Claim #2: If you behave sexually, you behave like an animal. Contextually, he means that if you behave sexually, you cannot exert self control. (Just because animals do something doesn’t mean it is morally wrong; would you challenge the morality of breathing or eating?) His evidence is that when having sex, you “at the very least shudder whilst making funny faces.” So he’s already shifted gears from having a basic sexual nature to a specific sex act, that is, the orgasm – the moment at which the brain loses itself in a temporary endorphin rush. He’s changed the terms on us. It is entirely possible to behave in a self-controlled manner unlike an animal in your normal interactions! Think about a young dog that has not been neutered; it, purely by natural instinct, walks up and begins to hump whatever it thinks it  might be able to mate with. That is what the complete lack of self control looks like – a dog humping a chair. As humans, we call this “dating,” but that doesn’t mean it’s any less ridiculous. Is it possible to live without engaging in this behavior? Of course it is.

The point he wants to make here is that if you are 0f a sexual nature, you will lust uncontrollably. This is where go off his beaten path completely, because he only addresses this by saying “all guys do it,” without suggesting why.  This, of course, is a classic ad populum, or “appeal to the people;” just because a lot of people do or believe something doesn’t make it right. Let’s assume that every guy has, at some point, seen a beautiful woman and fantasized about her sexually – it’s not too large an assumption to make, I think. In that moment, that man has just sinned. Now, being convicted of this, he goes about his day and encounters other women, equally beautiful, and he sees them and recognizes their beauty but does not fantasize. He does not entertain that next step, does not let it enter his mind. As Driscoll puts it, he doesn’t put it in his mental library for later use. This is an entirely plausible scenario, and I suspect that most of my readers who are Christians have had this exact situation play out in their lives, as I have. That moment when you decide not to cross the line from “she’s pretty” to playing out your mental fantasies is a won battle in the war against lust. You’re gonna lose a few. But don’t believe the line about not being able to win any.
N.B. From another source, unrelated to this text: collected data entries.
lemma continuous_bump: "continuous_map \<rho>.mtopology euclideanreal (bump m)"
proof (cases "M = {}")
  case False
  then have "continuous_map \<rho>.mtopology euclideanreal (\<rho> (ctr m))"
    using continuous_on_mdist[of "ctr m" "metric (M, \<rho>)"] ctr_in[OF False] by simp
  then show ?thesis
    unfolding bump_def divide_inverse
    by (intro continuous_intros continuous_map_real_mult_right)
next
  case True
  have "topspace \<rho>.mtopology = {}"
    using trans[OF \<rho>.topspace_mtopology True] .
  then show ?thesis
    by (metis continuous_map_on_empty null_topspace_iff_trivial)
qed

lemma bump_bounds: "0 \<le> bump m w" "bump m w \<le> 1"
  by (auto simp: bump_def)

lemma bump_eq_0: "\<rho> (ctr m) w \<le> rad m \<Longrightarrow> bump m w = 0"
  using rad_pos[of m] by (auto simp: bump_def field_simps)

lemma bump_eq_1: "2 * rad m \<le> \<rho> (ctr m) w \<Longrightarrow> bump m w = 1"
  using rad_pos[of m] by (auto simp: bump_def field_simps)

definition signed_bump :: "real \<Rightarrow> nat \<Rightarrow> 'y \<Rightarrow> real" where
  "signed_bump q m w = q * (2 * bump m w - 1)"

lemma continuous_signed_bump: "continuous_map \<rho>.mtopology euclideanreal (signed_bump q m)"
  unfolding signed_bump_def
  by (intro continuous_intros continuous_map_real_mult_left continuous_bump)

lemma signed_bump_lower: "- \<bar>q\<bar> \<le> signed_bump q m w"
proof -
  have "\<bar>2 * bump m w - 1\<bar> \<le> 1"
    using bump_bounds[of m w] by simp
  then have "\<bar>signed_bump q m w\<bar> \<le> \<bar>q\<bar>"
    unfolding signed_bump_def abs_mult by (simp add: mult_left_le)
  then show ?thesis
    by linarith
qed

lemma signed_bump_inner: "\<rho> (ctr m) w \<le> rad m \<Longrightarrow> signed_bump q m w = - q"
  by (simp add: signed_bump_def bump_eq_0)

lemma signed_bump_outer: "2 * rad m \<le> \<rho> (ctr m) w \<Longrightarrow> signed_bump q m w = q"
  by (simp add: signed_bump_def bump_eq_1)

lemma inf_conv_signed_bump_lower: "z \<in> M \<Longrightarrow> - \<bar>q\<bar> \<le> inf_conv (signed_bump q m) z"
  by (rule inf_conv_lower[where lo="- \<bar>q\<bar>"]) (simp_all add: signed_bump_lower)

lemma inf_conv_signed_bump_le: "z \<in> M \<Longrightarrow> inf_conv (signed_bump q m) z \<le> signed_bump q m z"
  by (rule inf_conv_le_self[where lo="- \<bar>q\<bar>"]) (simp_all add: signed_bump_lower)

lemma orbit_lipschitz_inf_conv_signed_bump: "orbit_lipschitz (inf_conv (signed_bump q m))"
  by (rule orbit_lipschitz_inf_conv[where lo="- \<bar>q\<bar>"]) (simp add: signed_bump_lower)

section \<open>The coordinate functions\<close>

definition linked_balls :: "('y \<Rightarrow> real) \<Rightarrow> real \<Rightarrow> real \<Rightarrow> nat \<Rightarrow> nat \<Rightarrow> bool" where
  "linked_balls P q0 q2 m n \<longleftrightarrow>
     (\<forall>w\<in>M. \<rho> (ctr m) w < 2 * rad m \<longrightarrow> P w < q0) \<and>
     (\<forall>w\<in>M. \<forall>g\<in>carrier G.
        \<rho> (ctr n) w < 2 * rad n \<longrightarrow> d g \<one> < 2 * q2 \<longrightarrow> \<rho> (ctr m) (a g w) \<le> rad m)"

(* For balls not linked to P, the constants 0 and 1 satisfy (1) and (2) trivially. *)
definition t_fun :: "('y \<Rightarrow> real) \<Rightarrow> real \<Rightarrow> real \<Rightarrow> real \<Rightarrow> nat \<Rightarrow> nat \<Rightarrow> 'y \<Rightarrow> real" where
  "t_fun P q0 q1 q2 m n =
     (if linked_balls P q0 q2 m n then (\<lambda>z. clamp (q1 + inf_conv (signed_bump (- q2) m) z))
      else (\<lambda>z. 0))"

definition u_fun :: "('y \<Rightarrow> real) \<Rightarrow> real \<Rightarrow> real \<Rightarrow> real \<Rightarrow> nat \<Rightarrow> nat \<Rightarrow> 'y \<Rightarrow> real" where
  "u_fun P q0 q1 q2 m n =
     (if linked_balls P q0 q2 m n then (\<lambda>z. clamp (q2 + inf_conv (signed_bump q2 n) z))
      else (\<lambda>z. 1))"

definition ball_fun :: "nat \<Rightarrow> 'y \<Rightarrow> real" where
  "ball_fun m = inf_conv (bump m)"

lemma admissible_t_fun: "admissible (t_fun P q0 q1 q2 m n)"
proof -
  have "admissible (\<lambda>z. clamp (q1 + inf_conv (signed_bump (- q2) m) z))"
    by (rule admissible_clamp_inf_conv[where lo="- \<bar>- q2\<bar>"])
      (rule continuous_signed_bump, rule signed_bump_lower)
  then show ?thesis
    by (simp add: t_fun_def admissible_const)
qed

lemma admissible_u_fun: "admissible (u_fun P q0 q1 q2 m n)"
proof -
  have "admissible (\<lambda>z. clamp (q2 + inf_conv (signed_bump q2 n) z))"
    by (rule admissible_clamp_inf_conv[where lo="- \<bar>q2\<bar>"])
      (rule continuous_signed_bump, rule signed_bump_lower)
  then show ?thesis
    by (simp add: u_fun_def admissible_const)
qed
lemma exists_correction_with_prescribed_W:
  fixes g :: "'n::finite \<Rightarrow> 'a \<Rightarrow> complex" and D :: "nat \<Rightarrow> complex ^ 'n"
  assumes K: "field_choice K" and "finite J"
    and X: "\<And>j. j \<in> J \<Longrightarrow> X j \<in> sets M" and disj: "disjoint_family_on X J"
    and Z: "\<And>j. j \<in> J \<Longrightarrow> Z j \<in> sets M" and ZX: "\<And>j. j \<in> J \<Longrightarrow> Z j \<subseteq> X j"
    and h: "L2_scalar M K h" and mass: "\<And>j. j \<in> J \<Longrightarrow> 0 < emeasure M (Z j \<inter> {x\<in>space M. h x \<noteq> 0})"
    and g: "\<And>k. L2_scalar M K (g k)" and D: "\<And>j. j \<in> J \<Longrightarrow> in_Kn K (D j)"
  obtains \<phi> where "\<And>k. L2_scalar M K (\<phi> k)" and "\<And>k x. x \<notin> (\<Union>j\<in>J. Z j) \<Longrightarrow> \<phi> k x = g k x"
    and "\<And>j. j \<in> J \<Longrightarrow> W_op M h X (\<lambda>x. \<chi> k. \<phi> k x) j = D j"
proof -
  have hK: "\<And>x. x \<in> space M \<Longrightarrow> h x \<in> K" and gK: "\<And>k x. x \<in> space M \<Longrightarrow> g k x \<in> K"
    using h g unfolding L2_scalar_def by blast+
  have h_sq: "square_integrable M h" and g_sq: "\<And>k. square_integrable M (g k)"
    using L2_scalar_imp_square_integrable h g by blast+
  define s where "s j = (\<integral>x. indicator (Z j) x * (cmod (h x))\<^sup>2 \<partial>M)" for j
  define I where "I j k = (\<integral>x. indicator (X j) x *\<^sub>R (h x * g k x) \<partial>M)" for j k
  define b where "b j k = (D j $ k - I j k) / of_real (s j)" for j k
  define \<phi> where "\<phi> k x = g k x + (\<Sum>j\<in>J. indicator (Z j) x *\<^sub>R (b j k * cnj (h x)))" for k x
  have s_pos: "0 < s j" if "j \<in> J" for j
    unfolding s_def using h_sq Z[OF that] mass[OF that]
    by (intro integral_indicator_norm_square_pos) (auto simp: square_integrable_def)
  have bK: "b j k \<in> K" if "j \<in> J" for j k
  proof -
    have "I j k \<in> K"
      unfolding I_def using K hK gK
      by (intro integral_in_field_choice) (auto simp: scaleR_conv_of_real intro!: field_choice_mult field_choice_of_real)
    then show ?thesis
      using D[OF that] K unfolding b_def in_Kn_def
      by (intro field_choice_divide field_choice_diff field_choice_of_real) auto
  qed
  have "square_integrable M (\<phi> k)" for k
    unfolding \<phi>_def using \<open>finite J\<close> Z
    by (intro square_integrable_add g_sq square_integrable_sum square_integrable_indicator
        square_integrable_mult_left square_integrable_cnj h_sq) auto
  moreover have "\<phi> k x \<in> K" if "x \<in> space M" for k x
    unfolding \<phi>_def using that K hK gK bK
    by (auto simp: scaleR_conv_of_real intro!: field_choice_add field_choice_sum field_choice_mult
        field_choice_of_real field_choice_cnj)
  ultimately have \<phi>: "L2_scalar M K (\<phi> k)" for k
    unfolding L2_scalar_def square_integrable_def by blast
  show thesis
  proof (rule that[OF \<phi>])
    show "\<phi> k x = g k x" if "x \<notin> (\<Union>j\<in>J. Z j)" for k x
      using that unfolding \<phi>_def by simp
    show "W_op M h X (\<lambda>x. \<chi> k. \<phi> k x) j = D j" if j: "j \<in> J" for j
    proof -
      have "(\<integral>x. indicator (X j) x *\<^sub>R (h x * \<phi> k x) \<partial>M) = I j k + b j k * of_real (s j)" for k
        unfolding \<phi>_def I_def s_def
        by (rule integral_indicator_mult_correction[OF \<open>finite J\<close> disj j ZX X[OF j] Z[OF j] h_sq g_sq])
      also have "I j k + b j k * of_real (s j) = D j $ k" for k
        using s_pos[OF j] unfolding b_def by simp
      finally show ?thesis
        unfolding W_op_def set_lebesgue_integral_def by (simp add: vec_eq_iff)
    qed
  qed
qed
definition pb_subst_set :: "('a \<Rightarrow> 'b sval) \<Rightarrow> 'a pbc set \<Rightarrow> 'b pbc set" where
  "pb_subst_set \<omega> G = pb_subst \<omega> ` G"

type_synonym 'v objective = "(int \<times> 'v lit) list"

definition obj_val :: "'v objective \<Rightarrow> 'v assignment \<Rightarrow> int" where
  "obj_val f \<alpha> = terms_val \<alpha> f"

datatype ubound = Fin int | Infty

fun ub_dec :: "ubound \<Rightarrow> ubound" where
  "ub_dec (Fin k) = Fin (k - 1)" | "ub_dec Infty = Infty"

fun ub_less :: "int \<Rightarrow> ubound \<Rightarrow> bool" where
  "ub_less k (Fin v) = (k < v)" | "ub_less k Infty = True"

definition obj_le :: "'v objective \<Rightarrow> int \<Rightarrow> 'v pbc" where
  "obj_le f k = Geq (map (\<lambda>(w, l). (- w, l)) f) (- k)"

fun obj_le_ub :: "'v objective \<Rightarrow> ubound \<Rightarrow> 'v pbc set" where
  "obj_le_ub f (Fin k) = {obj_le f k}" | "obj_le_ub f Infty = {}"

text \<open>The constraint f|_omega <= f, i.e. sum w_i l_i - sum w_i omega(l_i) >= 0.\<close>
definition obj_subst_le :: "('v \<Rightarrow> 'v sval) \<Rightarrow> 'v objective \<Rightarrow> 'v pbc" where
  "obj_subst_le \<omega> f =
     Geq (f @ map (\<lambda>(w, l). (- w, l)) (subst_terms \<omega> f)) (subst_const \<omega> f)"

text \<open>Placeholder variables u_i (PU i) and v_i (PV i).\<close>
datatype ph = PU nat | PV nat

definition pb_vars :: "'v pbc \<Rightarrow> 'v set" where
  "pb_vars C = (case C of Geq ts A \<Rightarrow> lit_var ` snd ` set ts)"

definition inst_asg :: "'v list \<Rightarrow> 'v assignment \<Rightarrow> 'v assignment \<Rightarrow> ph \<Rightarrow> 'v sval" where
  "inst_asg z \<alpha> \<beta> p = (case p of PU i \<Rightarrow> SConst (\<alpha> (z ! i)) | PV i \<Rightarrow> SConst (\<beta> (z ! i)))"

text \<open>alpha \<preceq> beta iff Ord(z|_alpha, z|_beta) is true (it is variable-free, so true under any
  assignment; we evaluate it under alpha).\<close>
definition pre_le :: "ph pbc set \<Rightarrow> 'v list \<Rightarrow> 'v assignment \<Rightarrow> 'v assignment \<Rightarrow> bool" where
  "pre_le Ord z \<alpha> \<beta> = pb_sat_set \<alpha> (pb_subst_set (inst_asg z \<alpha> \<beta>) Ord)"

definition preorder_encoding :: "ph pbc set \<Rightarrow> 'v list \<Rightarrow> bool" where
  "preorder_encoding Ord z =
     (finite Ord
      \<and> (\<forall>C\<in>Ord. \<forall>p\<in>pb_vars C. (\<exists>i<length z. p = PU i \<or> p = PV i))
      \<and> (\<forall>\<alpha>. pre_le Ord z \<alpha> \<alpha>)
      \<and> (\<forall>\<alpha> \<beta> \<gamma>. pre_le Ord z \<alpha> \<beta> \<longrightarrow> pre_le Ord z \<beta> \<gamma> \<longrightarrow> pre_le Ord z \<alpha> \<gamma>))"

definition pre_le_f :: "ph pbc set \<Rightarrow> 'v list \<Rightarrow> 'v objective \<Rightarrow> 'v assignment \<Rightarrow> 'v assignment \<Rightarrow> bool" where
  "pre_le_f Ord z f \<alpha> \<beta> = (pre_le Ord z \<alpha> \<beta> \<and> obj_val f \<alpha> \<le> obj_val f \<beta>)"

text \<open>Ord(z|_omega, z): u_i := omega(z_i), v_i := z_i.\<close>
definition inst_left :: "'v list \<Rightarrow> ('v \<Rightarrow> 'v sval) \<Rightarrow> ph \<Rightarrow> 'v sval" where
  "inst_left z \<omega> p = (case p of PU i \<Rightarrow> \<omega> (z ! i) | PV i \<Rightarrow> SLit (Pos (z ! i)))"

text \<open>Ord(z, z|_omega): u_i := z_i, v_i := omega(z_i).\<close>
definition inst_right :: "'v list \<Rightarrow> ('v \<Rightarrow> 'v sval) \<Rightarrow> ph \<Rightarrow> 'v sval" where
  "inst_right z \<omega> p = (case p of PU i \<Rightarrow> SLit (Pos (z ! i)) | PV i \<Rightarrow> \<omega> (z ! i))"

definition weakly_valid ::
  "'v pbc set \<Rightarrow> 'v objective \<Rightarrow> 'v pbc set \<Rightarrow> 'v pbc set \<Rightarrow> ph pbc set \<Rightarrow> 'v list \<Rightarrow> ubound \<Rightarrow> bool"
where
  "weakly_valid F f \<C> \<D> Ord z v =
     ((\<forall>v'. ub_less v' v \<longrightarrow> pb_satisfiable (F \<union> {obj_le f v'})
                            \<longrightarrow> pb_satisfiable (\<C> \<union> {obj_le f v'}))
      \<and> (\<forall>\<rho>. pb_sat_set \<rho> (\<C> \<union> obj_le_ub f (ub_dec v)) \<longrightarrow>
             (\<exists>\<rho>'. pre_le_f Ord z f \<rho>' \<rho> \<and> pb_sat_set \<rho>' (\<C> \<union> \<D> \<union> obj_le_ub f (ub_dec v)))))"

definition valid ::
  "'v pbc set \<Rightarrow> 'v objective \<Rightarrow> 'v pbc set \<Rightarrow> 'v pbc set \<Rightarrow> ph pbc set \<Rightarrow> 'v list \<Rightarrow> ubound \<Rightarrow> bool"
where
  "valid F f \<C> \<D> Ord z v =
     (weakly_valid F f \<C> \<D> Ord z v
      \<and> (\<forall>k. v = Fin k \<longrightarrow> pb_satisfiable (F \<union> {obj_le f k}))
      \<and> (\<forall>v'. ub_less v' v \<longrightarrow> pb_satisfiable (\<C> \<union> {obj_le f v'})
                            \<longrightarrow> pb_satisfiable (F \<union> {obj_le f v'})))"

end

theory Submission
  imports Defs
begin

text \<open>
  If \<rho> satisfies \<C> \<union> \<D> and the bound on f but violates C, condition (a) shows that \<rho> \<circ> \<omega>
  satisfies \<C> and the bound and lies \<preceq>_f-below \<rho>, while (b) shows that \<rho> \<circ> \<omega> is even strictly
  below \<rho> in \<preceq>. Weak validity then gives a solution of \<C> \<union> \<D> below \<rho> \<circ> \<omega>, hence strictly
  below \<rho>. Since \<preceq> only looks at the finitely many variables z, its strict part is well
  founded, so repeating this descent must end in an assignment that also satisfies C.
  The remaining conditions of (weak) validity do not mention \<D>.
\<close>

lemma pb_sat_set_Un [simp]: "pb_sat_set \<alpha> (A \<union> B) \<longleftrightarrow> pb_sat_set \<alpha> A \<and> pb_sat_set \<alpha> B"
  by (auto simp: pb_sat_set_def)

lemma pb_sat_set_insert [simp]: "pb_sat_set \<alpha> (insert C A) \<longleftrightarrow> pb_sat \<alpha> C \<and> pb_sat_set \<alpha> A"
  by (auto simp: pb_sat_set_def)

lemma pb_sat_set_empty [simp]: "pb_sat_set \<alpha> {}"
  by (simp add: pb_sat_set_def)

lemma lit_val_cases: "lit_val \<alpha> l = 0 \<or> lit_val \<alpha> l = 1"
  by (cases l) auto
Claim #3: If you behave like an animal, you betray God. Well, now that we’ve actually defined what “acting like an animal” is, then I suppose he might be correct here. Being characterized by that sort of behavior is no doubt sinful, but only the nuttiest of the nuts would suggest that having an orgasm is, in and of itself, a sin.

So, in conclusion: Is lust something men deal with? Yes. Is lust something that very few men will ever actually “conquer?” Yes. Does that mean the answer is to surrender to it – or even accept and embrace it? Hell no, Mr. Shore. We keep up the good fight, gird up with spiritual armor to do battle against the flesh, and try not to embarrass our Lord and Savior on the battlefield.